**ASSIGNMENT**
Look through the data below for the line with "tens (br c a2" and the line with "finally show ?thesis unfolding rhs", then output those two and all lines in between, exactly as written.

Recorded data

---

(* Suppose the coin process $\mathbf X$ satisfies \[ \lim_{m\to\infty}P_{X^m}(\mathcal S_m^c(\lambda))=0\quad\text{for every }\lambda>0, \] where $\mathcal S_m(\lambda)=\{x^m:\log\frac{1}{P_{X^m}(x^m)}\ge\lambda\}$. Then for every $n$ and every target distribution $P_{Y^n}$, the interval algorithm is valid, i.e. $\lim_{m\to\infty}\Pr(\phi_{\mathrm{int}}(X^m)=y^n)=P_{Y^n}(y^n)$ for every $y^n\in\mathcal Y^n$.
   Context: Logarithms are base 2. $\mathcal X=\{1,\dots,M\}$, $\mathcal Y=\{1,\dots,N\}$ are finite sets; the coin process $\mathbf X=\{X^m\}_{m\ge1}$ on $\mathcal X$ and target process $\mathbf Y=\{Y^n\}$ on $\mathcal Y$ are arbitrary processes given by consistent families of distributions. Interval algorithm: for $s\in\mathcal X^i$ define $\mathcal I_s=[\underline\alpha_s,\overline\alpha_s)$ by $\mathcal I_\bot=[0,1)$ and $\underline\alpha_{sx}=\underline\alpha_s+(\overline\alpha_s-\underline\alpha_s)\sum_{k<x}P_{X_{i+1}|X^i}(k|s)$, $\overline\alpha_{sx}=\underline\alpha_s+(\overline\alpha_s-\underline\alpha_s)\sum_{k\le x}P_{X_{i+1}|X^i}(k|s)$ (so $|\mathcal I_s|=P_{X^i}(s)$); define $\mathcal J_t$ for $t\in\mathcal Y^j$ likewise from $P_{Y_{j+1}|Y^j}$. The algorithm stops at the first $m$ with $\mathcal I_{X^m}\subseteq\mathcal J_{y^n}$ for some $y^n\in\mathcal Y^n$ and outputs that $y^n$; $\phi_{\mathrm{int}}(x^m)$ is the output if it has stopped after reading $x^m$, and $\bot$ otherwise. *)

theory Defs
  imports "HOL-Analysis.Analysis"
begin
lemma tn_coprod_tau:
  assumes a: "a \<in> FS" and b: "b \<in> FS" and ps: "trep FS FS (Dl a) ps" and qs: "trep FS FS (Dl b) qs"
  shows "tn_coprod (tau br a b) = sum_list (map (\<lambda>(a1,a2). sum_list (map (\<lambda>(b1,b2).
              tens (tau br a2 b1) (tau br a1 b2)) qs)) ps)"
proof (rule ext, clarify)
  fix c x d y
  have rhs: "sum_list (map (\<lambda>(a1,a2). sum_list (map (\<lambda>(b1,b2).
              tens (tau br a2 b1) (tau br a1 b2)) qs)) ps) ((c,x),(d,y))
     = sum_list (map (\<lambda>(a1,a2). sum_list (map (\<lambda>(b1,b2).
              tau br a2 b1 (c,x) * tau br a1 b2 (d,y)) qs)) ps)"
    by (simp add: sum_list_map_apply case_prod_unfold)
  show "tn_coprod (tau br a b) ((c,x),(d,y)) = sum_list (map (\<lambda>(a1,a2). sum_list (map (\<lambda>(b1,b2).
              tens (tau br a2 b1) (tau br a1 b2)) qs)) ps) ((c,x),(d,y))"
  proof (cases "c \<in> FS \<and> d \<in> FS")
    case True
    then have c: "c \<in> FS" and d: "d \<in> FS" by auto
    have "tn_coprod (tau br a b) ((c,x),(d,y)) = tn_coprod_at (tau br a b) c d (x,y)" using True by (simp add: tn_coprod_def)
    also have "tn_coprod_at (tau br a b) c d = sum_list (map (\<lambda>(a1,a2). sum_list (map (\<lambda>(b1,b2).
              tens (br c a2 b1) (br d a1 b2)) qs)) ps)"
      unfolding tn_coprod_at_tau[OF a b c d]
      by (rule sweedler2_rep[OF a b ps qs]) (auto intro!: bilinearI lin_tens_l lin_tens_r lin_br2 lin_br3 lin_id c d)
    finally show ?thesis unfolding rhs
      by (simp add: sum_list_map_apply case_prod_unfold tau_def end_of_def c d app_def)
  next
    case False
    then have "tn_coprod (tau br a b) ((c,x),(d,y)) = 0" by (auto simp: tn_coprod_def)
    moreover have "sum_list (map (\<lambda>(a1,a2). sum_list (map (\<lambda>(b1,b2).
              tau br a2 b1 (c,x) * tau br a1 b2 (d,y)) qs)) ps) = 0"
      using False by (induction ps) (auto simp: tau_out sum_list_zero case_prod_unfold)
    ultimately show ?thesis using rhs by simp
  qed
qed

lemma lin_tn_coprod_at: "c \<in> FS \<Longrightarrow> d \<in> FS \<Longrightarrow> lin TN (\<lambda>t. tn_coprod_at t c d)"
  unfolding tn_coprod_at_def
proof (intro lin_sweedler ep_one(1))
  fix k1 k' k2 k3 :: "'a \<Rightarrow> 'k"
  assume c: "c \<in> FS" and d: "d \<in> FS" and k1: "k1 \<in> FS" and k': "k' \<in> FS" and k2: "k2 \<in> FS" and k3: "k3 \<in> FS"
  show "lin TN (\<lambda>t. sweedler (app t k3) (\<lambda>v1 v2. tens (br c k2 v1) (br d k1 v2)))"
    by (rule lin_compose[OF lin_app _ lin_sweedler_arg[OF bilinear_tens_br[OF c d k1 k2]]]) (rule TN_app_FS[OF _ k3])
qed

lemma lin_tn_coprod: "lin TN tn_coprod"
  unfolding lin_def
proof (intro conjI ballI allI)
  fix t t' assume t: "t \<in> TN" and t': "t' \<in> TN"
  show "tn_coprod (t + t') = tn_coprod t + tn_coprod t'"
    by (rule ext) (auto simp: tn_coprod_def plus_fun_apply lin_add[OF lin_tn_coprod_at t t'] zero_fun_apply)
next
  fix e t assume t: "t \<in> TN"
  show "tn_coprod (sc e t) = sc e (tn_coprod t)"
    by (rule ext) (auto simp: tn_coprod_def sc_apply lin_sc[OF lin_tn_coprod_at t])
qed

---

**TASK SOLUTION**
              tens (br c a2 b1) (br d a1 b2)) qs)) ps)"
      unfolding tn_coprod_at_tau[OF a b c d]
      by (rule sweedler2_rep[OF a b ps qs]) (auto intro!: bilinearI lin_tens_l lin_tens_r lin_br2 lin_br3 lin_id c d)
    finally show ?thesis unfolding rhs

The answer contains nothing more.